Summary: The people used in David's life and the people God uses in our lives. (Based on Book "Agents of Grace" by Robert Koester.
I’ve always been amazed at how an old tree like this (pictured) can turn into something like this (an artistically carved wooden chair that looks more like a throne). How does that happen? Does the rain and wind just whittle away the tree until it turns into something so delightful and useful? Of course not. There was an artist who had a design in mind, and who was skilled enough to turn the tree into a work of art. But this artist didn’t bring about the transformation with his bare hands. He used tools like chainsaw and chisel to get the effect he wanted.
King David confessed that God had worked a similar transformation in his life. He wrote: “It is God who arms me with strength and keeps my way secure. 33 He makes my feet like the feet of a deer; he causes me to stand on the heights. 34 He trains my hands for battle; my arms can bend a bow of bronze. 35 You make your saving help my shield, and your right hand sustains me; your help has made me great. 36 You provide a broad path for my feet, so that my ankles do not give way” (Psalm 18:32-36).
How exactly had God done all that for David? As far as we know, God never came down to earth to show David how to shoot an arrow. No, David’s father or perhaps his older brothers had taught him how to do that. Today we’re starting a new sermon series called Agents of Grace. It’s about the people God used in King David’s life to sculpt that individual into the man of God he wanted him to be. As we learn about the agents of grace in David’s life, we’ll want to recognize and thank God for the agents of grace in our lives. For it is through them that God sculpts us into the people he wants us to be.
The agent of grace in David’s life that we’ll talk about today is Samuel. Samuel is one of the few characters in the Bible whose life we get to follow from beginning to end. He was a miracle baby—the result of his barren mother’s ardent prayers for a child. Hannah promised God that if he blessed her with a son, she would dedicate him to the Lord’s work. True to her word, when Samuel was only about three years old, Hannah dropped him off with Eli the high priest. Samuel not only worked at the tabernacle, he lived there, becoming familiar with the ways of the priests. This would become important later in the advice Samuel could offer David. I’ll come back to that thought.
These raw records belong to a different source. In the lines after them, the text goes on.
(* Let $n\ge 2$, $\delta\in(0,1)$, and let $X_{1},\dots,X_{n}\in[0,1]$ be IID real random variables with common law $F$, $X\sim F$. Then with probability at least $1-\delta$, \[ \bar{X}_{n}-\mathbb{E}_{F}X\le\sqrt{\frac{1}{3n}\log\frac{2}{\delta}}+\sqrt{\frac{2S_{n}^{2}}{3n}\log\frac{2}{\delta}}+\left(\frac{\sqrt{2}}{2}+\frac{\sqrt{42}}{6}\right)\sqrt{\frac{2}{3\lfloor n/2\rfloor n}}\log\frac{2}{\delta}, \] and the same holds (with probability at least $1-\delta$) with $\bar{X}_{n}-\mathbb{E}_{F}X$ replaced by $\mathbb{E}_{F}X-\bar{X}_{n}$.
   Context: $\bar X_n=n^{-1}\sum_{i=1}^n X_i$, $S_{n}^{2}=(n-1)^{-1}\sum_{i=1}^{n}(X_{i}-\bar{X}_{n})^{2}$ is the unbiased sample variance, $\mathbb{E}_F X$ is the mean of $X\sim F$. $\lfloor\cdot\rfloor$ is the floor function. *)

theory Defs
  imports "HOL-Probability.Probability"
begin

definition sample_mean :: "nat \<Rightarrow> (nat \<Rightarrow> 'a \<Rightarrow> real) \<Rightarrow> 'a \<Rightarrow> real" where
  "sample_mean n X \<omega> = (\<Sum>i<n. X i \<omega>) / real n"

definition sample_var :: "nat \<Rightarrow> (nat \<Rightarrow> 'a \<Rightarrow> real) \<Rightarrow> 'a \<Rightarrow> real" where
  "sample_var n X \<omega> = (\<Sum>i<n. (X i \<omega> - sample_mean n X \<omega>)^2) / (real n - 1)"

definition emp_bernstein_bound :: "nat \<Rightarrow> real \<Rightarrow> real \<Rightarrow> real" where
  "emp_bernstein_bound n \<delta> S2 =
     sqrt (1 / (3 * real n) * ln (2 / \<delta>))
   + sqrt (2 * S2 / (3 * real n) * ln (2 / \<delta>))
   + (sqrt 2 / 2 + sqrt 42 / 6) * sqrt (2 / (3 * real (n div 2) * real n)) * ln (2 / \<delta>)"

end

theory Submission
  imports Defs
begin

text \<open>
  Let \<open>\<mu> = E X\<close>, \<open>u = sqrt (ln (2/\<delta>) / n)\<close>, let \<open>D\<close> be the deviation of the sample mean from
  \<open>\<mu>\<close> and \<open>\<sigma>\<^sup>2 = (n - 1) S\<^sub>n\<^sup>2 / n \<le> S\<^sub>n\<^sup>2\<close> the biased sample variance. Since \<open>\<lfloor>n/2\<rfloor> \<le> n/2\<close>,
  the empirical Bernstein bound dominates \<open>u/\<surd>3 + \<surd>(2/3) u \<sigma> + 2u\<^sup>2\<close>; each one-sided failure
  event then has probability at most \<open>\<delta>/2\<close>.

  If \<open>u \<ge> 1/5\<close>, already \<open>\<epsilon> = u/\<surd>3 + 2u\<^sup>2\<close> satisfies \<open>2 n \<epsilon>\<^sup>2 \<ge> ln (2/\<delta>)\<close>, and Hoeffding's
  inequality bounds the probability of \<open>D \<ge> \<epsilon>\<close>.

  If \<open>u < 1/5\<close>, tilt with \<open>\<theta> = 2u\<close> and \<open>\<phi>(y) = \<theta> y - \<theta>\<^sup>2 y\<^sup>2 / (2(1 - \<theta>))\<close>. For \<open>|y| \<le> 1\<close>
  one has \<open>exp \<phi>(y) \<le> 1 + \<theta> y\<close>, so by independence \<open>exp (\<Sum>\<^sub>i \<phi>(X\<^sub>i - \<mu>))\<close> has expectation
  at most \<open>1\<close>, and Markov's inequality bounds the probability that \<open>\<Sum>\<^sub>i \<phi>(X\<^sub>i - \<mu>) \<ge> ln (2/\<delta>)\<close>.
  The sum equals \<open>n (\<theta> D - \<theta>\<^sup>2 (\<sigma>\<^sup>2 + D\<^sup>2) / (2(1 - \<theta>)))\<close>, and an elementary estimate shows
  that it is at least \<open>n u\<^sup>2 = ln (2/\<delta>)\<close> whenever \<open>D\<close> exceeds the bound.

  The lower deviation follows by applying this to the sample \<open>1 - X\<^sub>i\<close>.
\<close>

lemma ln_add_one_ge:
  fixes x l :: real
  assumes "\<bar>x\<bar> \<le> l" and "l < 1"
  shows "x - x\<^sup>2 / (2 * (1 - l)) \<le> ln (1 + x)"
proof -
  define h where "h t = ln (1 + t) - t + t\<^sup>2 / (2 * (1 - l))" for t
  have h': "DERIV h t :> t * (1 / (1 - l) - 1 / (1 + t))" if "\<bar>t\<bar> \<le> l" for t
  proof -
    have "1 + t > 0" "1 - l > 0" using that assms by linarith+
    then have "DERIV h t :> 1 / (1 + t) - 1 + 2 * t / (2 * (1 - l))"
      unfolding h_def by (auto intro!: derivative_eq_intros simp: power2_eq_square)
    moreover have "1 / (1 + t) - 1 + 2 * t / (2 * (1 - l)) = t * (1 / (1 - l) - 1 / (1 + t))"
      using \<open>1 + t > 0\<close> \<open>1 - l > 0\<close> by (simp add: divide_simps) (simp add: algebra_simps)
    ultimately show ?thesis by simp
  qed
  \<comment> \<open>\<open>h'\<close> has the sign of \<open>t\<close> because \<open>1 + t \<ge> 1 - l > 0\<close>, so \<open>h\<close> is minimal at \<open>0\<close>.\<close>
  have gap: "1 / (1 + t) \<le> 1 / (1 - l)" if "\<bar>t\<bar> \<le> l" for t
    using that assms by (intro divide_left_mono) auto
  have "h 0 \<le> h x"
  proof (cases "0 \<le> x")
    case True
    show ?thesis
    proof (rule DERIV_nonneg_imp_nondecreasing[OF True])
      fix t assume "0 \<le> t" "t \<le> x"
      then show "\<exists>y. DERIV h t :> y \<and> 0 \<le> y"
        using h' gap[of t] assms by (intro exI[of _ "t * (1 / (1 - l) - 1 / (1 + t))"]) auto
    qed
  next
    case False
    show ?thesis
    proof (rule DERIV_nonpos_imp_nonincreasing[of x])
      fix t assume "x \<le> t" "t \<le> 0"
      then show "\<exists>y. DERIV h t :> y \<and> y \<le> 0"
        using h' gap[of t] assms False
        by (intro exI[of _ "t * (1 / (1 - l) - 1 / (1 + t))"]) (auto simp: mult_nonpos_nonneg)
    qed (use False in simp)
  qed
  then show ?thesis by (simp add: h_def)
qed

lemma exp_sub_quadratic_le_add_one:
  fixes x l :: real
  assumes "\<bar>x\<bar> \<le> l" and "l < 1"
  shows "exp (x - x\<^sup>2 / (2 * (1 - l))) \<le> 1 + x"
  using ln_add_one_ge[OF assms] assms by (subst (asm) ln_ge_iff) auto

lemma tilted_exponent_slack_nonneg:
  fixes u s b :: real
  assumes "0 < u" "u < 1/5" "0 \<le> s" "s \<le> 1/2"
    and b: "577/1000 + 816/1000 * s + 2 * u \<le> b" "b \<le> 3/2"
  shows "0 \<le> (2 * b - 1) * (1 - 2 * u) - 2 * s\<^sup>2 - 2 * u\<^sup>2 * b\<^sup>2"
proof -
  have "u\<^sup>2 \<le> u / 5" "s\<^sup>2 \<le> s / 2" "s * u \<le> s / 5"
    using mult_left_mono[of u "1/5" u] mult_left_mono[of s "1/2" s] mult_left_mono[of u "1/5" s] assms
    by (simp_all add: power2_eq_square)
  moreover have "u\<^sup>2 * b\<^sup>2 \<le> 9/4 * u\<^sup>2"
    using assms mult_mono[OF b(2) b(2)] by (simp add: power2_eq_square mult_left_mono)
  moreover have "(154/1000 + 1632/1000 * s + 4 * u) * (1 - 2 * u) \<le> (2 * b - 1) * (1 - 2 * u)"
    using assms by (intro mult_right_mono) auto
  moreover have "(154/1000 + 1632/1000 * s + 4 * u) * (1 - 2 * u)
      = 154/1000 + 1632/1000 * s + 3692/1000 * u - 3264/1000 * (s * u) - 8 * u\<^sup>2"
    by (simp add: field_simps power2_eq_square)
  ultimately show ?thesis using assms by linarith
qed

lemma tilted_exponent_ge:
  fixes u s D :: real
  assumes u: "0 < u" "u < 1/5" and s: "0 \<le> s" "s \<le> 1/2"
    and D: "u / sqrt 3 + sqrt (2/3) * u * s + 2 * u\<^sup>2 \<le> D" "D \<le> 1"
  shows "u\<^sup>2 \<le> 2 * u * D - (2 * u)\<^sup>2 / (2 * (1 - 2 * u)) * (s\<^sup>2 + D\<^sup>2)"
proof -
  define g where "g t = 2 * t * (1 - 2 * u) - 2 * u * t\<^sup>2" for t
  define b where "b = 1 / sqrt 3 + sqrt (2/3) * s + 2 * u"
  have "sqrt 3 \<le> 17321/10000" "17320/10000 \<le> sqrt 3"
    by (intro real_le_lsqrt real_le_rsqrt; simp add: power2_eq_square)+
  then have r3: "577/1000 \<le> 1 / sqrt 3" "1 / sqrt 3 \<le> 3/5"
    by (simp_all add: field_simps)
  have r23: "816/1000 \<le> sqrt (2/3)" "sqrt (2/3) \<le> 5/6"
    by (intro real_le_lsqrt real_le_rsqrt; simp add: power2_eq_square)+
  have "816/1000 * s \<le> sqrt (2/3) * s" "sqrt (2/3) * s \<le> 5/6 * s"
    by (rule mult_right_mono[OF r23(1) s(1)], rule mult_right_mono[OF r23(2) s(1)])
  then have b: "577/1000 + 816/1000 * s + 2 * u \<le> b" "b \<le> 3/2"
    using r3 u s unfolding b_def by linarith+
  have "u * b = u / sqrt 3 + sqrt (2/3) * u * s + 2 * u\<^sup>2"
    unfolding b_def by (simp add: distrib_left power2_eq_square)
  then have ub: "0 \<le> u * b" "u * b \<le> D"
    using u s b D(1) by simp_all
  \<comment> \<open>\<open>g\<close> is increasing on \<open>[0, 1]\<close> because \<open>u < 1/4\<close>.\<close>
  have "g (u * b) \<le> g D"
  proof -
    have "u * (D + u * b) \<le> u * 2"
      using u ub D(2) by (intro mult_left_mono) auto
    then have "0 \<le> 1 - 2 * u - u * (D + u * b)"
      using u by linarith
    then have "0 \<le> 2 * (D - u * b) * (1 - 2 * u - u * (D + u * b))"
      using ub by simp
    also have "\<dots> = g D - g (u * b)"
      unfolding g_def by (simp add: algebra_simps power2_eq_square)
    finally show ?thesis by simp
  qed
  moreover have "g (u * b) - 2 * u * s\<^sup>2 - u * (1 - 2 * u)
      = u * ((2 * b - 1) * (1 - 2 * u) - 2 * s\<^sup>2 - 2 * u\<^sup>2 * b\<^sup>2)"
    unfolding g_def by (simp add: algebra_simps power2_eq_square)
  moreover have "0 \<le> u * ((2 * b - 1) * (1 - 2 * u) - 2 * s\<^sup>2 - 2 * u\<^sup>2 * b\<^sup>2)"
    using tilted_exponent_slack_nonneg[OF u s b] u by simp
  ultimately have "0 \<le> u / (1 - 2 * u) * (g D - 2 * u * s\<^sup>2 - u * (1 - 2 * u))"
    using u by (intro mult_nonneg_nonneg) auto
  also have "\<dots> = 2 * u * D - (2 * u)\<^sup>2 / (2 * (1 - 2 * u)) * (s\<^sup>2 + D\<^sup>2) - u\<^sup>2"
    using u unfolding g_def by (simp add: field_simps power2_eq_square)
  finally show ?thesis by simp
qed

lemma hoeffding_exponent_ge:
  fixes u :: real
  assumes "1/5 \<le> u"
  shows "u\<^sup>2 \<le> 2 * (u / sqrt 3 + 2 * u\<^sup>2)\<^sup>2"
proof -
  have "sqrt 3 \<le> 2"
    by (rule real_le_lsqrt) auto
  then have "u / 2 \<le> u / sqrt 3"
    using assms by (intro divide_left_mono) auto
  moreover have "2 * u * (1/5) \<le> 2 * u * u"
    using assms by (intro mult_left_mono) auto
  ultimately have "9/10 * u \<le> u / sqrt 3 + 2 * u\<^sup>2"
    unfolding power2_eq_square by linarith
  then have "(9/10 * u)\<^sup>2 \<le> (u / sqrt 3 + 2 * u\<^sup>2)\<^sup>2"
    using assms by (intro power_mono) auto
  moreover have "(9/10 * u)\<^sup>2 = 81/100 * u\<^sup>2"
    by (simp add: power2_eq_square)
  ultimately show ?thesis
    using zero_le_power2[of u] by linarith
qed

lemma sqrt3_le_emp_bernstein_constant: "sqrt 3 \<le> sqrt 2 / 2 + sqrt 42 / 6"
proof -
  have "sqrt 3 \<le> 1.7321" "1.41 \<le> sqrt 2" "6.48 \<le> sqrt 42"
    by (intro real_le_lsqrt real_le_rsqrt; simp add: power2_eq_square)+
  then show ?thesis by simp
qed

lemma two_div_le_sqrt_floor_half:
  assumes "n \<ge> 2"
  shows "2 / real n \<le> sqrt 3 * sqrt (2 / (3 * real (n div 2) * real n))"
proof -
  have "1 \<le> n div 2" "2 * (n div 2) \<le> n"
    using assms by auto
  then have m: "1 \<le> real (n div 2)" "2 * real (n div 2) \<le> real n"
    by simp_all
  have "(2 / real n)\<^sup>2 \<le> 3 * (2 / (3 * real (n div 2) * real n))"
    using m by (simp add: field_simps power2_eq_square)
  then have "2 / real n \<le> sqrt (3 * (2 / (3 * real (n div 2) * real n)))"
    by (rule real_le_rsqrt)
  then show ?thesis
    by (simp only: real_sqrt_mult)
qed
From early on, Samuel also functioned as a prophet—a spokesman for God. One night God appeared to Samuel and told him how he was going to punish the high priest’s sons for their wickedness. Samuel, who may have only been a boy of 10 at this time, was expected to pass that news along to Eli. The next morning Samuel told Eli everything the Lord had spoken—even though it must have been difficult for Samuel to do so since Eli had been like a father to him. But, as a faithful prophet, Samuel didn’t hold back any of the Lord’s words. He shared it all.
Yes, from the time he was a boy, Samuel gained experience as a prophet and priest. Then when he became a man, God used him as the last judge for Israel. Judges, like Samson and Gideon, and also Samuel, were people who would settle disputes and lead the Israelites in time of war. The way Samuel led as a military commander was interesting. He wasn’t a strongman like Samson, or a strategist like Gideon. One time when the Philistines attacked, Samuel didn’t call a council of war, but offered a sacrifice and called on the Lord for help. God answered by sending such a great thunderstorm that the attackers fled in a panic (1 Samuel 7).
Samuel was such an important and respected person that hundreds of years later God said that he wouldn’t change his mind about punishing the sinful, rebellious Israelites, even if Moses and Samuel were to intercede on their behalf (Jeremiah 15:1). We know just how important Moses had been. God had used him to lead the Israelites out of slavery in Egypt. And God had given to him the Ten Commandments. Well, in God’s eyes, Samuel was just as important as Moses.
It was this same Samuel who would serve as an agent of grace in David’s life. Ironically it was something Samuel had to do because someone else he had mentored turned out to be a failure. That person was King Saul. God had directed Samuel to anoint Saul as king, and at first the two seemed to have a close relationship. But after Saul enjoyed success on the battlefield, he became proud and didn’t think he needed the Lord, or at least didn’t need to do things God’s way. In time, God rejected Saul as king and directed Samuel to go to Bethlehem to the house of Jesse and anoint one of his sons as the next king.